→ **Work request**: Only lines that contain the string "auto" should be returned from the material below.
Supplied records START
(* Consider a sequence of triples $(p,a,k)$ with $p$ prime, $p\to\infty$, $a\in\mathbb{Z}_p^\times$, $2\le k\le p-2$ and $\gcd(k,p-1)=1$. If $k=o(p/\log^8 p)$, then $D(\eta_{a,k})=o(p)$, i.e., the sequence $\eta_{a,k}$ is quasirandom.
   Context: $\eta_{a,k}$ is the permutation of $\mathbb{Z}_p$ given by $\eta_{a,k}(s)=as^k$. An interval of $\mathbb{Z}_n$ is any subset that is the image of an interval of consecutive integers under the projection $\mathbb{Z}\to\mathbb{Z}_n$ (wrap-around allowed). For $S,T\subseteq\mathbb{Z}_n$, $D_T(S)=\bigl|\,|S\cap T|-|S||T|/n\,\bigr|$, and for a permutation $\sigma$ of $\mathbb{Z}_n$, $D(\sigma)=\max_{I,J}D_J(\sigma(I))$ over all intervals $I,J$ of $\mathbb{Z}_n$. A sequence of permutations $\sigma$ of $\mathbb{Z}_{n}$ with $n\to\infty$ is quasirandom if $D(\sigma)=o(n)$. *)

theory Defs
  imports Complex_Main "HOL-Library.Landau_Symbols" "HOL-Computational_Algebra.Primes"
begin

text \<open>Elements of Z_n are represented by the naturals 0..n-1.
  An interval of Z_n is the image of a block of consecutive integers under reduction mod n.\<close>
definition zn_interval :: "nat \<Rightarrow> nat set \<Rightarrow> bool" where
  "zn_interval n I \<longleftrightarrow> (\<exists>s len. I = (\<lambda>i. (s + i) mod n) ` {..<len})"

definition discr :: "nat \<Rightarrow> nat set \<Rightarrow> nat set \<Rightarrow> real" where
  "discr n T S = \<bar>real (card (S \<inter> T)) - real (card S) * real (card T) / real n\<bar>"

definition perm_discrepancy :: "nat \<Rightarrow> (nat \<Rightarrow> nat) \<Rightarrow> real" where
  "perm_discrepancy n \<sigma> =
     Max {discr n J (\<sigma> ` I) | I J. zn_interval n I \<and> zn_interval n J}"

definition eta :: "nat \<Rightarrow> nat \<Rightarrow> nat \<Rightarrow> nat \<Rightarrow> nat" where
  "eta p a k s = (a * s ^ k) mod p"

end

theory Submission
  imports Defs "HOL-Number_Theory.Number_Theory" "HOL-Computational_Algebra.Polynomial"
begin

(*
  Write F_A(r) = sum_{y in A} e_p(-r y) and S(r, s) = sum_x e_p(r x + s sigma(x)). Fourier inversion
  on Z_p turns the number of x in I with sigma(x) in J into p^-2 sum_{r,s} F_I(r) F_J(s) S(r, s); the
  term (r, s) = (0, 0) is the expected count, so the discrepancy is at most
  max_{(r,s) <> 0} |S(r, s)| * (p^-1 sum_r |F_I(r)|) * (p^-1 sum_s |F_J(s)|), and for intervals each
  of the last two factors is O(log p).

  For sigma(x) = a x^k the substitution x -> t x gives |S(r, s)| = |S(r t, s t^k)| for every unit t,
  and these p - 1 pairs are distinct, so (p - 1) |S(r, s)|^4 is bounded by the fourth moment
  sum_{r,s} |S|^4 = p^2 E. Here E counts x + y = u + v, x^k + y^k = u^k + v^k; for fixed (u, v) with
  u + v <> 0 the second equation is a nonzero polynomial equation of degree k in x, so E <= (k + 1) p^2.
  Altogether D <= (2 (k + 1) p^3)^(1/4) (4 + 3 log p)^2, which is o(p) when k = o(p / log^8 p).
*)

section \<open>Additive characters of Z_p\<close>

definition ep :: "nat \<Rightarrow> int \<Rightarrow> complex" where
  "ep p x = cis (2 * pi * of_int x / of_nat p)"

lemma ep_add: "ep p (x + y) = ep p x * ep p y"
  by (simp add: ep_def cis_mult add_divide_distrib distrib_left)

lemma ep_0 [simp]: "ep p 0 = 1"
  by (simp add: ep_def)

lemma norm_ep [simp]: "norm (ep p x) = 1"
  by (simp add: ep_def)

lemma cnj_ep: "cnj (ep p x) = ep p (- x)"
  by (simp add: ep_def cis_cnj)

lemma ep_pow: "ep p x ^ n = ep p (int n * x)"
  by (simp add: ep_def DeMoivre algebra_simps)

lemma ep_multiple [simp]: "ep p (int p * q) = 1"
proof (cases "p = 0")
  case False
  then have "2 * pi * of_int (int p * q) / of_nat p = 2 * pi * of_int q"
    by (simp add: field_simps)
  then show ?thesis by (simp add: ep_def)
qed simp

lemma ep_cong:
  assumes "[x = y] (mod int p)"
  shows "ep p x = ep p y"
proof -
  obtain q where "x = y + int p * q"
    using assms by (metis cong_iff_lin cong_sym)
  then show ?thesis by (simp add: ep_add)
qed

lemma ep_cong_nat: "[x = y] (mod p) \<Longrightarrow> ep p (int x) = ep p (int y)"
  by (rule ep_cong) (simp add: cong_int_iff)

lemma ep_eq_1_iff:
  assumes "p > 0"
  shows "ep p x = 1 \<longleftrightarrow> int p dvd x"
proof
  assume "ep p x = 1"
  then have "cis (2 * pi * of_int x / of_nat p) = cis 0" by (simp add: ep_def)
  then have "sin (2 * pi * of_int x / of_nat p) = sin 0 \<and> cos (2 * pi * of_int x / of_nat p) = cos 0"
    by (metis cis.sel)
  then obtain n :: int where "2 * pi * of_int x / of_nat p = 0 + 2 * pi * n"
    using sin_cos_eq_iff by blast
  then have "of_int x = real p * of_int n" using assms by (simp add: field_simps)
  then have "x = int p * n" by (metis of_int_eq_iff of_int_mult of_int_of_nat_eq)
  then show "int p dvd x" by simp
qed auto

lemma sum_ep_orthogonality:
  assumes "p > 0"
  shows "(\<Sum>r<p. ep p (int r * x)) = (if int p dvd x then of_nat p else 0)"
proof (cases "int p dvd x")
  case True
  then have "ep p (int r * x) = 1" for r
    using ep_cong[of "int r * x" 0 p] by (simp add: cong_0_iff)
  then show ?thesis using True by simp
next
  case False
  define w where "w = ep p x"
  have "w \<noteq> 1" "w ^ p = 1"
    using False ep_eq_1_iff[OF assms] by (simp_all add: w_def ep_pow)
  then have "(\<Sum>r<p. w ^ r) = 0" by (simp add: sum_gp_strict)
  then show ?thesis using False by (simp add: w_def ep_pow)
qed

lemma sum_ep_diff:
  assumes "p > 0"
  shows "(\<Sum>r<p. ep p (int r * (int x - int y))) = (if [x = y] (mod p) then of_nat p else 0)"
  using sum_ep_orthogonality[OF assms] by (simp add: cong_int_iff [symmetric] cong_iff_dvd_diff)

section \<open>Fourier expansion of the discrepancy\<close>

definition set_fourier :: "nat \<Rightarrow> nat set \<Rightarrow> nat \<Rightarrow> complex" where
  "set_fourier p A r = (\<Sum>y\<in>A. ep p (- (int r * int y)))"

definition graph_fourier :: "nat \<Rightarrow> (nat \<Rightarrow> nat) \<Rightarrow> nat \<Rightarrow> nat \<Rightarrow> complex" where
  "graph_fourier p \<sigma> r s = (\<Sum>x<p. ep p (int r * int x + int s * int (\<sigma> x)))"

lemma set_fourier_inversion:
  assumes "p > 0" "A \<subseteq> {..<p}" "x < p"
  shows "(\<Sum>r<p. set_fourier p A r * ep p (int r * int x)) = (if x \<in> A then of_nat p else 0)"
proof -
  have "(\<Sum>r<p. set_fourier p A r * ep p (int r * int x))
      = (\<Sum>y\<in>A. \<Sum>r<p. ep p (int r * (int x - int y)))"
    unfolding set_fourier_def sum_distrib_right
    by (subst sum.swap) (simp add: ep_add [symmetric] algebra_simps)
  also have "\<dots> = (\<Sum>y\<in>A. if x = y then of_nat p else 0)"
    using assms by (intro sum.cong refl) (auto simp: sum_ep_diff cong_less_modulus_unique_nat)
  also have "\<dots> = (if x \<in> A then of_nat p else 0)"
    using finite_subset[OF assms(2)] by (simp add: sum.delta)
  finally show ?thesis .
qed

lemma count_fourier_expansion:
  assumes p: "p > 0" and I: "I \<subseteq> {..<p}" and J: "J \<subseteq> {..<p}"
    and \<sigma>: "\<And>x. x < p \<Longrightarrow> \<sigma> x < p"
  shows "(\<Sum>r<p. \<Sum>s<p. set_fourier p I r * set_fourier p J s * graph_fourier p \<sigma> r s)
    = of_nat p ^ 2 * of_nat (card {x\<in>I. \<sigma> x \<in> J})"
proof -
  have "(\<Sum>r<p. \<Sum>s<p. set_fourier p I r * set_fourier p J s * graph_fourier p \<sigma> r s)
      = (\<Sum>x<p. (\<Sum>r<p. set_fourier p I r * ep p (int r * int x))
              * (\<Sum>s<p. set_fourier p J s * ep p (int s * int (\<sigma> x))))"
  proof -
    have "set_fourier p I r * set_fourier p J s * graph_fourier p \<sigma> r s
        = (\<Sum>x<p. (set_fourier p I r * ep p (int r * int x))
                  * (set_fourier p J s * ep p (int s * int (\<sigma> x))))" for r s
      by (simp add: graph_fourier_def sum_distrib_left ep_add mult_ac)
    then have "(\<Sum>r<p. \<Sum>s<p. set_fourier p I r * set_fourier p J s * graph_fourier p \<sigma> r s)
        = (\<Sum>r<p. \<Sum>s<p. \<Sum>x<p. (set_fourier p I r * ep p (int r * int x))
                  * (set_fourier p J s * ep p (int s * int (\<sigma> x))))"
      by (simp only:)
    also have "\<dots> = (\<Sum>r<p. \<Sum>x<p. \<Sum>s<p. (set_fourier p I r * ep p (int r * int x))
                  * (set_fourier p J s * ep p (int s * int (\<sigma> x))))"
      by (rule sum.cong[OF refl], rule sum.swap)
    also have "\<dots> = (\<Sum>x<p. \<Sum>r<p. \<Sum>s<p. (set_fourier p I r * ep p (int r * int x))
                  * (set_fourier p J s * ep p (int s * int (\<sigma> x))))"
      by (rule sum.swap)
    finally show ?thesis by (simp only: sum_product)
  qed
  also have "\<dots> = (\<Sum>x<p. if x \<in> I \<and> \<sigma> x \<in> J then of_nat p ^ 2 else 0)"
    using assms by (intro sum.cong refl) (simp add: set_fourier_inversion power2_eq_square)
  also have "\<dots> = of_nat p ^ 2 * of_nat (card {x\<in>I. \<sigma> x \<in> J})"
  proof -
    have "{x\<in>{..<p}. x \<in> I \<and> \<sigma> x \<in> J} = {x\<in>I. \<sigma> x \<in> J}" using I by auto
    then show ?thesis by (simp add: sum.If_cases Int_def)
  qed
  finally show ?thesis .
qed

lemma count_deviation_fourier:
  assumes p: "p > 0" and I: "I \<subseteq> {..<p}" and J: "J \<subseteq> {..<p}"
    and \<sigma>: "\<And>x. x < p \<Longrightarrow> \<sigma> x < p"
  shows "of_nat p ^ 2 * of_nat (card {x\<in>I. \<sigma> x \<in> J}) - of_nat (card I * card J * p)
    = (\<Sum>z\<in>{..<p} \<times> {..<p} - {(0, 0)}.
         set_fourier p I (fst z) * set_fourier p J (snd z) * graph_fourier p \<sigma> (fst z) (snd z))"
proof -
  let ?T = "\<lambda>z. set_fourier p I (fst z) * set_fourier p J (snd z) * graph_fourier p \<sigma> (fst z) (snd z)"
  have "of_nat p ^ 2 * of_nat (card {x\<in>I. \<sigma> x \<in> J}) = (\<Sum>z\<in>{..<p} \<times> {..<p}. ?T z)"
    using count_fourier_expansion[OF assms] by (simp add: sum.cartesian_product split_def)
  also have "\<dots> = ?T (0, 0) + (\<Sum>z\<in>{..<p} \<times> {..<p} - {(0, 0)}. ?T z)"
    using p by (intro sum.remove) auto
  also have "?T (0, 0) = of_nat (card I * card J * p)"
    by (simp add: set_fourier_def graph_fourier_def)
  finally show ?thesis by simp
qed

lemma count_deviation_le:
  assumes p: "p > 0" and \<sigma>: "\<And>x. x < p \<Longrightarrow> \<sigma> x < p"
    and I: "I \<subseteq> {..<p}" and J: "J \<subseteq> {..<p}"
    and M: "0 \<le> M" "\<And>r s. r < p \<Longrightarrow> s < p \<Longrightarrow> (r, s) \<noteq> (0, 0) \<Longrightarrow> norm (graph_fourier p \<sigma> r s) \<le> M"
  shows "\<bar>real p ^ 2 * real (card {x\<in>I. \<sigma> x \<in> J}) - real (card I * card J * p)\<bar>
    \<le> M * (\<Sum>r<p. norm (set_fourier p I r)) * (\<Sum>s<p. norm (set_fourier p J s))"
proof -
  let ?c = "card {x\<in>I. \<sigma> x \<in> J}"
  have "(of_nat p ^ 2 * of_nat ?c - of_nat (card I * card J * p) :: complex)
      = of_real (real p ^ 2 * real ?c - real (card I * card J * p))"
    by simp
  then have "\<bar>real p ^ 2 * real ?c - real (card I * card J * p)\<bar>
      = norm (of_nat p ^ 2 * of_nat ?c - of_nat (card I * card J * p) :: complex)"
    by (simp only: norm_of_real)
  also have "\<dots> = norm (\<Sum>z\<in>{..<p} \<times> {..<p} - {(0, 0)}.
      set_fourier p I (fst z) * set_fourier p J (snd z) * graph_fourier p \<sigma> (fst z) (snd z))"
    by (simp only: count_deviation_fourier[OF p I J \<sigma>])
  also have "\<dots> \<le> (\<Sum>z\<in>{..<p} \<times> {..<p} - {(0, 0)}.
      norm (set_fourier p I (fst z)) * norm (set_fourier p J (snd z)) * norm (graph_fourier p \<sigma> (fst z) (snd z)))"
    by (rule order.trans[OF norm_sum]) (simp add: norm_mult)
  also have "\<dots> \<le> (\<Sum>z\<in>{..<p} \<times> {..<p}. norm (set_fourier p I (fst z)) * norm (set_fourier p J (snd z)) * M)"
    using M by (intro order.trans[OF sum_mono sum_mono2]) (auto intro: mult_left_mono)
  also have "\<dots> = M * (\<Sum>r<p. norm (set_fourier p I r)) * (\<Sum>s<p. norm (set_fourier p J s))"
    by (simp add: sum.cartesian_product sum_product sum_distrib_left split_def mult_ac)
  finally show ?thesis .
qed
(* Let $X,U$ be Banach spaces and let $A$ generate a $C_0$-semigroup $T$ on $X$. If $B\in\mathcal{L}(U,X_{-1})$ is $E_\Phi$-admissible for some Young function $\Phi$, then $B$ is $L^\infty$-admissible, and for every $u\in L^\infty_{loc}(0,\infty;U)$ and every $x_0\in X$ the mild solution $x(t)=T_{-1}(t)x_0+\int_0^tT_{-1}(t-s)Bu(s)\,ds$ takes values in $X$ and $x:[0,\infty)\to X$ is continuous.
   Context: $X_{-1}$ is the completion of $X$ w.r.t. $\|(\beta-A)^{-1}\cdot\|$ for some $\beta\in\rho(A)$; $T_{-1}$ is the extension of $T$ to $X_{-1}$. A Young function is a continuous, convex, increasing $\Phi:[0,\infty)\to[0,\infty)$ with $\Phi(x)/x\to0$ as $x\to0$ and $\Phi(x)/x\to\infty$ as $x\to\infty$. $E_\Phi(0,t;U)$ is the closure of the boundedly supported $L^\infty(0,t;U)$ functions in the Orlicz space $L_\Phi(0,t;U)$ with norm $\|u\|=\inf\{k>0:\int_0^t\Phi(\|u(s)\|/k)\,ds\le1\}$. For $Z\in\{E_\Phi,L^\infty\}$, $B$ is $Z$-admissible if for every $t>0$ the map $u\mapsto\int_0^tT_{-1}(s)Bu(s)\,ds$ sends $Z(0,t;U)$ into $X$. *)

theory Defs
  imports "HOL-Analysis.Analysis"
begin

definition c0_semigroup :: "(real \<Rightarrow> 'x::banach \<Rightarrow>\<^sub>L 'x) \<Rightarrow> bool" where
  "c0_semigroup T \<longleftrightarrow>
     T 0 = id_blinfun \<and>
     (\<forall>s t. 0 \<le> s \<longrightarrow> 0 \<le> t \<longrightarrow> T (s + t) = T s o\<^sub>L T t) \<and>
     (\<forall>x. continuous_on {0..} (\<lambda>t. blinfun_apply (T t) x))"

definition is_generator ::
  "(real \<Rightarrow> 'x::banach \<Rightarrow>\<^sub>L 'x) \<Rightarrow> 'x set \<Rightarrow> ('x \<Rightarrow> 'x) \<Rightarrow> bool" where
  "is_generator T D A \<longleftrightarrow>
     D = {x. \<exists>y. ((\<lambda>h. (blinfun_apply (T h) x - x) /\<^sub>R h) \<longlongrightarrow> y) (at_right 0)} \<and>
     (\<forall>x\<in>D. ((\<lambda>h. (blinfun_apply (T h) x - x) /\<^sub>R h) \<longlongrightarrow> A x) (at_right 0))"
theorem proposition2:
  fixes f :: "real^'n::finite \<Rightarrow> real" and gradf :: "real^'n \<Rightarrow> real^'n"
    and l u :: "'n \<Rightarrow> ereal" and b \<tau> \<gamma> \<delta> Al Au :: real
    and x :: "nat \<Rightarrow> real^'n" and z :: "nat \<Rightarrow> nat \<Rightarrow> real^'n"
    and jj :: "nat \<Rightarrow> 'n" and p :: "nat \<Rightarrow> nat \<Rightarrow> 'n" and A alpha :: "nat \<Rightarrow> nat \<Rightarrow> real"
    and xstar :: "real^'n"
  assumes n2: "CARD('n) \<ge> 2"
    and bounds: "\<forall>i. l i \<noteq> \<infinity> \<and> u i \<noteq> -\<infinity> \<and> l i < u i"
    and deriv: "\<forall>y. (f has_derivative (\<lambda>h. gradf y \<bullet> h)) (at y)"
    and cont: "continuous_on UNIV gradf"
    and lipschitz: "\<exists>L. \<forall>y w. norm (gradf y - gradf w) \<le> L * norm (y - w)"
    and params: "0 < \<tau> \<and> \<tau> \<le> 1 \<and> 0 < \<gamma> \<and> \<gamma> < 1 \<and> 0 < \<delta> \<and> \<delta> < 1 \<and> 0 < Al \<and> Al \<le> Au"
    and L0: "{y. feasible l u b y \<and> f y \<le> f (x 0)} \<noteq> {} \<and> compact {y. feasible l u b y \<and> f y \<le> f (x 0)}"
    and L0_interior: "\<forall>y. feasible l u b y \<and> f y \<le> f (x 0) \<longrightarrow> (\<exists>i. l i < ereal (y $ i) \<and> ereal (y $ i) < u i)"
    and run: "ac2cd f gradf l u b \<tau> \<gamma> \<delta> Al Au x z jj p A alpha"
    and conv: "x \<longlonglongrightarrow> xstar"
  shows "\<exists>kz. \<forall>k\<ge>kz. \<forall>i\<in>{1..CARD('n)+1}.
           l (jj k) < ereal (z k i $ jj k) \<and> ereal (z k i $ jj k) < u (jj k)"
proof -
  have "0 < \<tau>" "0 \<le> \<gamma>" "0 \<le> \<delta>" "\<delta> \<le> 1" "0 \<le> Al"
    using params by auto
  then obtain \<eta> where "0 < \<eta>" and margin: "\<forall>\<^sub>F k in sequentially. ereal \<eta> \<le> Dh l u (x k) (jj k)"
    using ac2cd_pivot_margin[OF run _ _ _ _ _ deriv L0_interior conv] by blast
  have lim: "(\<lambda>k. real CARD('n) * norm (x (Suc k) - x k)) \<longlonglongrightarrow> real CARD('n) * norm (xstar - xstar)"
    by (intro tendsto_intros LIMSEQ_Suc conv)
  have "\<forall>\<^sub>F k in sequentially. real CARD('n) * norm (x (Suc k) - x k) < \<eta>"
    using order_tendstoD(2)[OF lim] \<open>0 < \<eta>\<close> by simp
  from eventually_conj[OF margin this] obtain kz where kz: "\<And>k. kz \<le> k \<Longrightarrow>
      ereal \<eta> \<le> Dh l u (x k) (jj k) \<and> real CARD('n) * norm (x (Suc k) - x k) < \<eta>"
    unfolding eventually_sequentially by blast
  show ?thesis
  proof (intro exI allI impI ballI)
    fix k i assume k: "kz \<le> k" and i: "i \<in> {1..CARD('n) + 1}"
    have "\<bar>z k i $ jj k - x k $ jj k\<bar> < \<eta>"
      using ac2cd_pivot_drift[OF run i, of k] kz[OF k] by linarith
    then show "l (jj k) < ereal (z k i $ jj k) \<and> ereal (z k i $ jj k) < u (jj k)"
      using bounds_strict_of_Dh_margin kz[OF k] by blast
  qed
qed

end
Supplied records END
→ **Solved exercise**:
qed auto
    using assms by (intro sum.cong refl) (auto simp: sum_ep_diff cong_less_modulus_unique_nat)
    have "{x\<in>{..<p}. x \<in> I \<and> \<sigma> x \<in> J} = {x\<in>I. \<sigma> x \<in> J}" using I by auto
    using p by (intro sum.remove) auto
    using M by (intro order.trans[OF sum_mono sum_mono2]) (auto intro: mult_left_mono)
    using params by auto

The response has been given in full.